Scan the data below for the string "have". Copy every line where it appears.

→ **Supplied records**
=== Section Start ===
definition psi_v :: "real \<Rightarrow> real \<Rightarrow> (nat \<Rightarrow> real) \<Rightarrow> real" where
  "psi_v \<xi> \<delta> y = psi \<xi> \<delta> (y 2) (y 3) (y 5) (y 6)"

end

theory Submission
  imports Defs
begin

text \<open>
  Up to a reordering of the arguments of \<open>G\<close>, the function \<open>y\<^sub>j \<mapsto> \<psi>\<close> has the form
  \<open>N / (sqrt (A\<^sup>2 + \<delta>\<^sup>2 + 2(1 + \<beta>\<^sub>j \<beta>\<^sub>j\<^sub>')\<delta>) * K)\<close> with \<open>A = 2 + \<eta>\<^sub>j + \<eta>\<^sub>j\<^sub>'\<close>, where
  \<open>N\<close> is affine in \<open>\<eta>\<^sub>j\<close> and \<open>K\<close> does not depend on \<open>y\<^sub>j\<close>; on \<open>[cos(2\<pi>/10), 1)\<close> we have
  \<open>\<beta>\<^sub>j = b(y\<^sub>j)\<close>. The derivative has the sign of \<open>N' Den - N Den'/2\<close>, which is identically
  \<open>\<delta> (\<beta>\<^sub>j\<^sub>' (-b') N - (-\<eta>') X)\<close> for an explicit \<open>X\<close>. Differentiating the quadratic equation of
  \<open>\<eta>\<close> gives \<open>\<eta>' = -(\<eta>\<^sup>2 + 10\<eta> + 4(1+\<xi>)\<^sup>2) / (2 sqrt disc) \<in> [-0.655, 0]\<close>, whereas
  \<open>-b' = 16/(1+y\<^sub>j)\<^sup>2 \<ge> 4\<close>, and \<open>\<beta>\<^sub>j\<^sub>' \<ge> b(y\<^sub>j)\<close> because \<open>\<beta>\<close> is decreasing and
  \<open>y\<^sub>j\<^sub>' \<le> y\<^sub>j\<close>. Crude numerical bounds (\<open>\<eta> \<le> 0.14\<close>, \<open>cos(2\<pi>/10) \<ge> 0.8\<close>) then
  make the first term dominate.
\<close>

lemma cos_ge_1_minus_half_square: "1 - x\<^sup>2 / 2 \<le> cos (x::real)"
proof -
  have "(sin (x/2))\<^sup>2 \<le> (x/2)\<^sup>2"
    using abs_sin_x_le_abs_x[of "x/2"] by (metis abs_le_square_iff)
  then show ?thesis
    using cos_double_sin[of "x/2"] by (simp add: power_divide)
qed

lemma cc_ge:
  assumes "0 < n"
  shows "1 - (2 * 3.1416 / n)\<^sup>2 / 2 \<le> cc n"
proof -
  have "(2 * pi / n)\<^sup>2 \<le> (2 * 3.1416 / n)\<^sup>2"
    using pi_approx(2) assms by (intro power_mono divide_right_mono) auto
  then show ?thesis
    using cos_ge_1_minus_half_square[of "2 * pi / n"] unfolding cc_def by linarith
qed

lemma cc10_ge: "4/5 \<le> cc 10"
  using cc_ge[of 10] by (simp add: power2_eq_square)

lemma cc9_ge: "3/4 \<le> cc 9"
  using cc_ge[of 9] by (simp add: power2_eq_square)

lemma cc9_less_cc10: "cc 9 < cc 10"
  unfolding cc_def using pi_gt_zero by (subst cos_mono_less_eq) (auto simp: field_simps)

lemma one_plus_square_bounds:
  fixes \<xi> :: real
  assumes "0 \<le> \<xi>" "\<xi> \<le> 0.13"
  shows "1 \<le> (1+\<xi>)\<^sup>2" "(1+\<xi>)\<^sup>2 \<le> 1.2769"
  using power_mono[of 1 "1+\<xi>" 2] power_mono[of "1+\<xi>" "1.13" 2] assms
  by (auto simp: power2_eq_square)

lemma eta_sqrt_eq:
  assumes "-2 < y"
  shows "sqrt ((2 + 5*y - (1+\<xi>)\<^sup>2)\<^sup>2 + 4*(2+y)*(1-y)*(1+\<xi>)\<^sup>2)
    = (2+y) * eta \<xi> y + (2 + 5*y - (1+\<xi>)\<^sup>2)"
  using assms by (simp add: eta_def)

lemma eta_nonneg:
  assumes "-2 < y" "y \<le> 1"
  shows "0 \<le> eta \<xi> y"
proof -
  let ?c = "2 + 5*y - (1+\<xi>)\<^sup>2"
  have "?c \<le> sqrt (?c\<^sup>2)" by simp
  also have "\<dots> \<le> sqrt (?c\<^sup>2 + 4*(2+y)*(1-y)*(1+\<xi>)\<^sup>2)"
    using assms by (intro real_sqrt_le_mono) simp
  finally show ?thesis
    using eta_sqrt_eq[OF assms(1), of \<xi>] assms by (simp add: zero_le_mult_iff)
qed

lemma eta_quadratic:
  assumes "-2 < y" "y \<le> 1"
  shows "(2+y) * (eta \<xi> y)\<^sup>2 + 2*(2 + 5*y - (1+\<xi>)\<^sup>2) * eta \<xi> y - 4*(1-y)*(1+\<xi>)\<^sup>2 = 0"
proof -
  let ?c = "2 + 5*y - (1+\<xi>)\<^sup>2"
  have "((2+y) * eta \<xi> y + ?c)\<^sup>2 = ?c\<^sup>2 + 4*(2+y)*(1-y)*(1+\<xi>)\<^sup>2"
    using eta_sqrt_eq[OF assms(1), of \<xi>, symmetric] assms by simp
  then have "(2+y) * ((2+y) * (eta \<xi> y)\<^sup>2 + 2*?c * eta \<xi> y - 4*(1-y)*(1+\<xi>)\<^sup>2) = 0"
    by algebra
  then show ?thesis using assms by simp
qed

lemma eta_le_if_quadratic_nonneg:
  assumes "-2 < y" "y \<le> 1" "(1+\<xi>)\<^sup>2 < 2 + 5*y" "0 \<le> h"
    and "0 \<le> (2+y) * h\<^sup>2 + 2*(2 + 5*y - (1+\<xi>)\<^sup>2) * h - 4*(1-y)*(1+\<xi>)\<^sup>2"
  shows "eta \<xi> y \<le> h"
proof (rule ccontr)
  assume "\<not> eta \<xi> y \<le> h"
  moreover have "0 < (2+y) * (eta \<xi> y + h) + 2*(2 + 5*y - (1+\<xi>)\<^sup>2)"
    using assms eta_nonneg[OF assms(1,2), of \<xi>] by (intro add_nonneg_pos) auto
  ultimately have "0 < (eta \<xi> y - h) * ((2+y) * (eta \<xi> y + h) + 2*(2 + 5*y - (1+\<xi>)\<^sup>2))"
    by simp
  also have "\<dots> = - ((2+y) * h\<^sup>2 + 2*(2 + 5*y - (1+\<xi>)\<^sup>2) * h - 4*(1-y)*(1+\<xi>)\<^sup>2)"
    using eta_quadratic[OF assms(1,2), of \<xi>] by (simp add: algebra_simps power2_eq_square)
  finally show False using assms(5) by simp
qed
=== Section End ===
→ **Response area**
  \<open>N\<close> is affine in \<open>\<eta>\<^sub>j\<close> and \<open>K\<close> does not depend on \<open>y\<^sub>j\<close>; on \<open>[cos(2\<pi>/10), 1)\<close> we have
  have "(sin (x/2))\<^sup>2 \<le> (x/2)\<^sup>2"
  have "(2 * pi / n)\<^sup>2 \<le> (2 * 3.1416 / n)\<^sup>2"
  have "?c \<le> sqrt (?c\<^sup>2)" by simp
  also have "\<dots> \<le> sqrt (?c\<^sup>2 + 4*(2+y)*(1-y)*(1+\<xi>)\<^sup>2)"
  have "((2+y) * eta \<xi> y + ?c)\<^sup>2 = ?c\<^sup>2 + 4*(2+y)*(1-y)*(1+\<xi>)\<^sup>2"
  then have "(2+y) * ((2+y) * (eta \<xi> y)\<^sup>2 + 2*?c * eta \<xi> y - 4*(1-y)*(1+\<xi>)\<^sup>2) = 0"
  moreover have "0 < (2+y) * (eta \<xi> y + h) + 2*(2 + 5*y - (1+\<xi>)\<^sup>2)"
  ultimately have "0 < (eta \<xi> y - h) * ((2+y) * (eta \<xi> y + h) + 2*(2 + 5*y - (1+\<xi>)\<^sup>2))"
  also have "\<dots> = - ((2+y) * h\<^sup>2 + 2*(2 + 5*y - (1+\<xi>)\<^sup>2) * h - 4*(1-y)*(1+\<xi>)\<^sup>2)"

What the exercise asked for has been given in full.